As illustrated in the figure, PARE, which represents Adaptive Execution, delivers lower response time compared to MVCC in workloads where resources are heavily contended. Additionally, it achieves this performance improvement with minimal overhead—less than 5% of the total execution time.

# 5 - Comparing Adaptive Execution to Block STM and MVCC

The execution stages of an abstract Block-STM collaborative scheduler, demonstrating how transactions are processed in parallel and validated.

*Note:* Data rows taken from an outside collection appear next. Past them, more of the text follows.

(* Let $\mathcal H$ be a Hilbert space of finite dimension $\Omega$ and let $\rho$ be a density matrix on $\mathcal H$ of rank $r$. (i) Every medium consistent family of histories with initial state $\rho$ contains at most $r\Omega$ histories of nonzero probability. (ii) There are infinitely many medium consistent families of histories with initial state $\rho$ that contain exactly $r\Omega$ histories of nonzero probability.
   Context: A set of projectors $\sigma=\{P_\alpha\}_{\alpha=1,\dots,m}$ on $\mathcal H$ is called exhaustive and exclusive if $\sum_{\alpha}P_\alpha=\mathbb 1$ and $P_\alpha P_\beta=\delta_{\alpha\beta}P_\alpha$. A family of histories $\mathcal S=\{\rho,\sigma^{(1)},\dots,\sigma^{(n)}\}$ consists of a density matrix $\rho$ (the initial state) and $n$ exhaustive exclusive sets of projectors $\sigma^{(j)}=\{P^{(j)}_{\alpha_j}\}_{\alpha_j=1,\dots,m_j}$ associated with times $t_1<\dots<t_n$, written in the Heisenberg picture ($P^{(j)}_{\alpha_j}=U(t_j,0)^\dagger\hat P^{(j)}_{\alpha_j}U(t_j,0)$ for a unitary evolution $U$; the family is specified by $\rho$ and these Heisenberg-picture sets). A history is a tuple $\alpha=(\alpha_1,\dots,\alpha_n)$ with history operator $C_\alpha=P^{(1)}_{\alpha_1}P^{(2)}_{\alpha_2}\cdots P^{(n)}_{\alpha_n}$; its probability is $Pr(\alpha)=\mathrm{Tr}\{C_\alpha^\dagger\rho C_\alpha\}$, and the coherence function is $D(\alpha;\beta)=\mathrm{Tr}\{C_\alpha^\dagger\rho C_\beta\}$. The family is medium consistent if $D(\alpha;\beta)=\delta_{\alpha\beta}Pr(\alpha)$ for all histories $\alpha,\beta$, where $\delta_{\alpha\beta}=\prod_j\delta_{\alpha_j\beta_j}$. *)

theory Defs
  imports "Jordan_Normal_Form.Schur_Decomposition" "Jordan_Normal_Form.DL_Rank"
begin

text \<open>Finite-dimensional Hilbert space of dimension Omega = complex column vectors of length Omega;
operators = Omega x Omega complex matrices.\<close>

definition mtrace :: "complex mat \<Rightarrow> complex" where
  "mtrace A = (\<Sum>i<dim_row A. A $$ (i, i))"

definition hermitian_mat :: "nat \<Rightarrow> complex mat \<Rightarrow> bool" where
  "hermitian_mat n A \<longleftrightarrow> A \<in> carrier_mat n n \<and> mat_adjoint A = A"

definition density_matrix :: "nat \<Rightarrow> complex mat \<Rightarrow> bool" where
  "density_matrix n \<rho> \<longleftrightarrow> hermitian_mat n \<rho>
     \<and> (\<forall>v \<in> carrier_vec n. 0 \<le> (\<Sum>i<n. cnj (v $ i) * (\<rho> *\<^sub>v v) $ i))
     \<and> mtrace \<rho> = 1"

definition mat_rank :: "nat \<Rightarrow> complex mat \<Rightarrow> nat" where
  "mat_rank n A = vec_space.rank n (A :: complex mat)"

definition projector :: "nat \<Rightarrow> complex mat \<Rightarrow> bool" where
  "projector n P \<longleftrightarrow> hermitian_mat n P \<and> P * P = P"

definition exh_excl :: "nat \<Rightarrow> complex mat list \<Rightarrow> bool" where
  "exh_excl n Ps \<longleftrightarrow> (\<forall>P \<in> set Ps. projector n P)
     \<and> foldr (+) Ps (0\<^sub>m n n) = 1\<^sub>m n
     \<and> (\<forall>a < length Ps. \<forall>b < length Ps. Ps ! a * Ps ! b = (if a = b then Ps ! a else 0\<^sub>m n n))"

text \<open>A family of histories with initial state rho: a nonempty list of n exhaustive exclusive
sets (Heisenberg picture) associated with times t_1 < ... < t_n.\<close>
definition family :: "nat \<Rightarrow> complex mat list list \<Rightarrow> bool" where
  "family n \<sigma> \<longleftrightarrow> \<sigma> \<noteq> [] \<and> (\<forall>Ps \<in> set \<sigma>. exh_excl n Ps)"

definition histories :: "complex mat list list \<Rightarrow> nat list set" where
  "histories \<sigma> = {\<alpha>. length \<alpha> = length \<sigma> \<and> (\<forall>j < length \<sigma>. \<alpha> ! j < length (\<sigma> ! j))}"

definition history_op :: "nat \<Rightarrow> complex mat list list \<Rightarrow> nat list \<Rightarrow> complex mat" where
  "history_op n \<sigma> \<alpha> = foldr (\<lambda>(Ps, a) acc. (Ps ! a) * acc) (zip \<sigma> \<alpha>) (1\<^sub>m n)"

definition coherence :: "nat \<Rightarrow> complex mat \<Rightarrow> complex mat list list \<Rightarrow> nat list \<Rightarrow> nat list \<Rightarrow> complex" where
  "coherence n \<rho> \<sigma> \<alpha> \<beta> = mtrace (mat_adjoint (history_op n \<sigma> \<alpha>) * \<rho> * history_op n \<sigma> \<beta>)"

definition hist_prob :: "nat \<Rightarrow> complex mat \<Rightarrow> complex mat list list \<Rightarrow> nat list \<Rightarrow> complex" where
  "hist_prob n \<rho> \<sigma> \<alpha> = mtrace (mat_adjoint (history_op n \<sigma> \<alpha>) * \<rho> * history_op n \<sigma> \<alpha>)"

definition medium_consistent :: "nat \<Rightarrow> complex mat \<Rightarrow> complex mat list list \<Rightarrow> bool" where
  "medium_consistent n \<rho> \<sigma> \<longleftrightarrow> family n \<sigma> \<and>
     (\<forall>\<alpha> \<in> histories \<sigma>. \<forall>\<beta> \<in> histories \<sigma>.
        coherence n \<rho> \<sigma> \<alpha> \<beta> = (if \<alpha> = \<beta> then hist_prob n \<rho> \<sigma> \<alpha> else 0))"

definition nonzero_histories :: "nat \<Rightarrow> complex mat \<Rightarrow> complex mat list list \<Rightarrow> nat list set" where
  "nonzero_histories n \<rho> \<sigma> = {\<alpha> \<in> histories \<sigma>. hist_prob n \<rho> \<sigma> \<alpha> \<noteq> 0}"

end

theory Submission
  imports Defs
begin

text \<open>Diagonalise \<rho> = U D U* by the spectral theorem, so that rank \<rho> is the number r of
nonzero diagonal entries d_k of D. With X_\<alpha> = U* C_\<alpha>, the coherence
D(\<beta>;\<alpha>) = \<Sum>_{k,j} cnj((X_\<beta>)_kj) d_k (X_\<alpha>)_kj only involves the r\<Omega> index pairs (k, j) with
d_k \<noteq> 0. Medium consistency makes the vectors (cnj((X_\<beta>)_kj)) and (d_k (X_\<alpha>)_kj), for \<alpha>, \<beta>
ranging over the histories of nonzero probability, biorthogonal for this pairing; so they are
linearly independent in a space of dimension r\<Omega>, which gives (i).

For (ii), project onto the eigenbasis u_i of \<rho> at the first time and onto the rotated basis
v_j = U F e_j at the second, where F is unitary without zero entries. The history (i, j) then has
C = F_ij u_i v_j*, distinct histories are orthogonal, and the probability d_i |F_ij|^2 is nonzero
exactly when d_i \<noteq> 0. Appending any number of trivial sets {1} gives infinitely many such
families.\<close>

lemma dim_row_mat_adjoint [simp]: "dim_row (mat_adjoint A) = dim_col A"
  and dim_col_mat_adjoint [simp]: "dim_col (mat_adjoint A) = dim_row A"
  by (simp_all add: mat_adjoint_def mat_of_rows_def)

lemma index_mat_adjoint [simp]:
  "i < dim_col A \<Longrightarrow> j < dim_row A \<Longrightarrow> mat_adjoint A $$ (i, j) = cnj (A $$ (j, i))"
proof -
  assume ij: "i < dim_col A" "j < dim_row A"
  have "mat_adjoint A $$ (i, j) = map conjugate (cols A) ! i $ j"
    unfolding mat_adjoint_def by (rule mat_of_rows_index) (use ij in simp_all)
  with ij show ?thesis by simp
qed

lemma mat_adjoint_carrier [simp]: "A \<in> carrier_mat n m \<Longrightarrow> mat_adjoint A \<in> carrier_mat m n"
  by (intro carrier_matI) (auto dest: carrier_matD)

lemma mat_adjoint_mat_adjoint [simp]: "mat_adjoint (mat_adjoint A) = (A :: complex mat)"
  by (rule eq_matI) simp_all

lemma mat_adjoint_one [simp]: "mat_adjoint (1\<^sub>m n) = (1\<^sub>m n :: complex mat)"
  by (rule eq_matI) simp_all

lemma mat_adjoint_mult:
  assumes "(A :: complex mat) \<in> carrier_mat n k" "B \<in> carrier_mat k m"
  shows "mat_adjoint (A * B) = mat_adjoint B * mat_adjoint A"
  using assms by (intro eq_matI) (auto simp: scalar_prod_def mult.commute)

definition unitary :: "nat \<Rightarrow> complex mat \<Rightarrow> bool" where
  "unitary n U \<longleftrightarrow> U \<in> carrier_mat n n \<and> mat_adjoint U * U = 1\<^sub>m n \<and> U * mat_adjoint U = 1\<^sub>m n"

lemma unitaryI:
  assumes "U \<in> carrier_mat n n" "mat_adjoint U * U = 1\<^sub>m n"
  shows "unitary n U"
  using assms mat_mult_left_right_inverse[of "mat_adjoint U" n U] by (simp add: unitary_def)

lemma unitary_carrier: "unitary n U \<Longrightarrow> U \<in> carrier_mat n n"
  by (simp add: unitary_def)

lemma unitary_one: "unitary n (1\<^sub>m n)"
  by (simp add: unitary_def)

lemma unitary_mult:
  assumes "unitary n U" "unitary n V"
  shows "unitary n (U * V)"
proof (rule unitaryI)
  have U: "U \<in> carrier_mat n n" "mat_adjoint U * U = 1\<^sub>m n"
    and V: "V \<in> carrier_mat n n" "mat_adjoint V * V = 1\<^sub>m n"
    using assms by (auto simp: unitary_def)
  show "U * V \<in> carrier_mat n n" using U V by simp
  have "mat_adjoint (U * V) * (U * V) = mat_adjoint V * (mat_adjoint U * (U * V))"
    using U V by (simp add: mat_adjoint_mult assoc_mult_mat[of _ n n _ n _ n])
  also have "mat_adjoint U * (U * V) = (mat_adjoint U * U) * V"
    by (rule assoc_mult_mat[of _ n n _ n _ n, symmetric]) (use U V in simp_all)
  finally show "mat_adjoint (U * V) * (U * V) = 1\<^sub>m n" using U V by simp
qed

lemma unitary_cols_orthonormal:
  assumes "unitary n U" "a < n" "b < n"
  shows "(\<Sum>k<n. cnj (U $$ (k, a)) * U $$ (k, b)) = (if a = b then 1 else 0)"
proof -
  have "U \<in> carrier_mat n n" using assms(1) by (rule unitary_carrier)
  then have "(\<Sum>k<n. cnj (U $$ (k, a)) * U $$ (k, b)) = (mat_adjoint U * U) $$ (a, b)"
    using assms(2,3) by (simp add: scalar_prod_def atLeast0LessThan)
  then show ?thesis using assms by (simp add: unitary_def)
qed

definition diag_block :: "'a :: zero mat \<Rightarrow> 'a mat \<Rightarrow> 'a mat" where
  "diag_block A B = four_block_mat A (0\<^sub>m (dim_row A) (dim_col B)) (0\<^sub>m (dim_row B) (dim_col A)) B"

lemma diag_block_carrier [simp]:
  "A \<in> carrier_mat a a \<Longrightarrow> B \<in> carrier_mat b b \<Longrightarrow> diag_block A B \<in> carrier_mat (a + b) (a + b)"
  unfolding diag_block_def by (rule four_block_carrier_mat)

In the blockchain space, Block STM (as used by the Aptos network) is a well-known parallel execution framework. It employs MVCC-like logic, preserving multiple data versions so that parallel transactions read from separate snapshots, then coordinates a final commit order. For each potential conflict, the system might have to roll back to a prior cached state, handle multiple versions, or maintain complex scheduling structures. By contrast, Adaptive Execution uses a single-version model and focuses on reordering to bypass conflicts. This reduces the storage and computational complexity inherent in multi-version strategies. PARE also relaxes some of the strict scheduling constraints found in deterministic systems, allowing it to adapt on the fly to shifting contention patterns.

# 6 - Key Components of Adaptive Execution

# 6.1 - Contention Estimation

Adaptive Execution dynamically tracks contention each time a transaction attempts to read or write a resource. A counter notes how often each resource is accessed, building a real-time map of “hot spots.” A time-sliding window ensures data stays current, discarding stale metrics.

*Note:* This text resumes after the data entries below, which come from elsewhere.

lemma eclipsed_if_left_kernel_nonzero:
  fixes S :: "complex^'d::finite^'u::finite" and W :: "complex^'d^'i::finite"
  assumes S: "S \<in> mat_over qpsk" and "z \<noteq> 0" "z v* W = 0"
  shows "eclipsed S W"
proof -
  obtain i0 where i0: "z $ i0 \<noteq> 0"
    using assms(2) by (metis vec_eq_iff zero_index)
  fix u0 :: 'u
  obtain S' where S': "S' \<in> mat_over qpsk" "S' \<noteq> S" "\<And>u. u \<noteq> u0 \<Longrightarrow> row u S' = row u S"
    using mat_over_qpsk_change_row[OF S] by blast
  define B where "B = insert (row u0 (S - S')) ((\<lambda>i. row i W) ` (- {i0}))"
  have "rows (vcat (S - S') W) \<subseteq> vec.span B"
  proof
    fix x assume "x \<in> rows (vcat (S - S') W)"
    then obtain r where x: "x = row r (vcat (S - S') W)"
      by (auto simp: rows_def)
    show "x \<in> vec.span B"
    proof (cases r)
      case (Inl u)
      then have "x = row u (S - S')"
        by (simp add: x row_def vcat_def)
      moreover have "row u (S - S') = 0" if "u \<noteq> u0"
        using S'(3)[OF that] by (simp add: row_def vec_eq_iff)
      ultimately show ?thesis
        by (cases "u = u0") (auto simp: B_def vec.span_base vec.span_zero)
    next
      case (Inr i)
      then have "x = row i W"
        by (simp add: x row_def vcat_def)
      moreover have "row i0 W \<in> vec.span B"
        using row_in_span_other_rows[OF i0 assms(3)] vec.span_mono[of _ B] by (auto simp: B_def)
      ultimately show ?thesis
        by (cases "i = i0") (auto simp: B_def vec.span_base)
    qed
  qed
  moreover have "card B \<le> CARD('i)"
  proof -
    have "card B \<le> Suc (card ((\<lambda>i. row i W) ` (- {i0})))"
      by (simp add: B_def card_insert_if)
    also have "\<dots> \<le> Suc (card (- {i0}))"
      by (simp add: card_image_le)
    also have "\<dots> = CARD('i)"
      by (simp add: Compl_eq_Diff_UNIV card_Diff_singleton)
    finally show ?thesis .
  qed
  ultimately have "rank (vcat (S - S') W) \<le> CARD('i)"
    using rank_le_card_if_rows_in_span[of _ B] by (fastforce simp: B_def)
  then show ?thesis
    using S' by (auto simp: eclipsed_def)
qed

lemma not_eclipsed_mult_right_eq_0:
  fixes A :: "complex^'i::finite^'m::finite"
  assumes "S \<in> mat_over qpsk" "\<not> eclipsed S W" "A ** W = 0"
  shows "A = 0"
proof (rule ccontr)
  assume "A \<noteq> 0"
  then obtain r where "row r A \<noteq> 0"
    by (metis row_def vec_eq_iff vec_lambda_eta zero_index)
  moreover have "row r A v* W = 0"
    using assms(3) by (metis row_matrix_mult row_def vec_lambda_eta zero_index vec_eq_iff)
  ultimately show False
    using eclipsed_if_left_kernel_nonzero assms(1,2) by blast
qed

lemma eclipsed_if_residual_in_low_rank_range:
  fixes H :: "complex^'u::finite^'b::finite" and J :: "complex^'i::finite^'b"
    and Q :: "complex^'i^'b" and X :: "complex^'d::finite^'i"
  assumes "L ** hcat H J = mat 1" "S' \<in> mat_over qpsk" "S' \<noteq> S"
    and "H ** S + J ** W - H ** S' = Q ** X"
  shows "eclipsed S W"
proof -
  have "hcat H J ** vcat (S - S') W = Q ** X"
    using assms(4) by (simp add: hcat_matrix_mult_vcat matrix_diff_ldistrib algebra_simps)
  then have "vcat (S - S') W = (L ** Q) ** X"
    using assms(1) by (metis matrix_mul_assoc matrix_mul_lid)
  then show ?thesis
    using rank_matrix_mult_le[of "L ** Q" X] assms(2,3) by (auto simp: eclipsed_def)
qed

# 6.2 - Extraction of Reordering Blocks

Each transaction is divided into reordering blocks—segments that do not conflict internally, making them safe to shuffle around. Adaptive Execution then reorders these blocks based on their contention scores, giving priority to highly contended operations. Throughout this process, the system maintains serializability by preventing any transaction from committing if its dependencies are either unresolved or potentially invalid.

# 7 - How Adaptive Execution Distinguishes Between Inevitable and “Harmful”

Delays

A key innovation in Adaptive Execution is its ability to distinguish between inevitable delays and “harmful” delays. If two transactions truly conflict (for example, both want to write to the same resource at the same time), the resulting stall is unavoidable. However, if a nonconflicting operation ends up waiting behind a conflicting one, that is considered a harmful delay—something that Adaptive Execution proactively avoids by shuffling the order of independent operations.

Internally, Adaptive Execution constructs a static conflict graph (SC-graph) to represent possible read-write or write-write overlaps. If no overlap exists, a block can be safely reordered. If a genuine conflict is detected, Adaptive Execution enforces the necessary constraints so that no transaction commits prematurely or out of order. This approach yields more flexibility than deterministic DAG scheduling without incurring the complexity of multi-version storage.

# 8 - Connection to Classical Concurrency Control

Many classical concurrency-control mechanisms—such as Two-Phase Locking (2PL), Multi-Version Concurrency Control (MVCC), and Optimistic Concurrency Control (OCC)—each have well-known shortcomings when faced with high-contention workloads. Two-Phase Locking can cause deadlocks and cascading rollbacks, MVCC requires significant memory overhead to maintain multiple data versions, and OCC may trigger rollbacks at commit time whenever conflicting writes are detected. By contrast, Adaptive Execution (inspired by PARE) uses minimal runtime conflict tracking to address contention in real time, sidestepping the overhead and rigidity of these legacy approaches. Nibiru’s implementation of Adaptive Execution tends to outperform purely optimistic or deterministic models when conflicts are frequent.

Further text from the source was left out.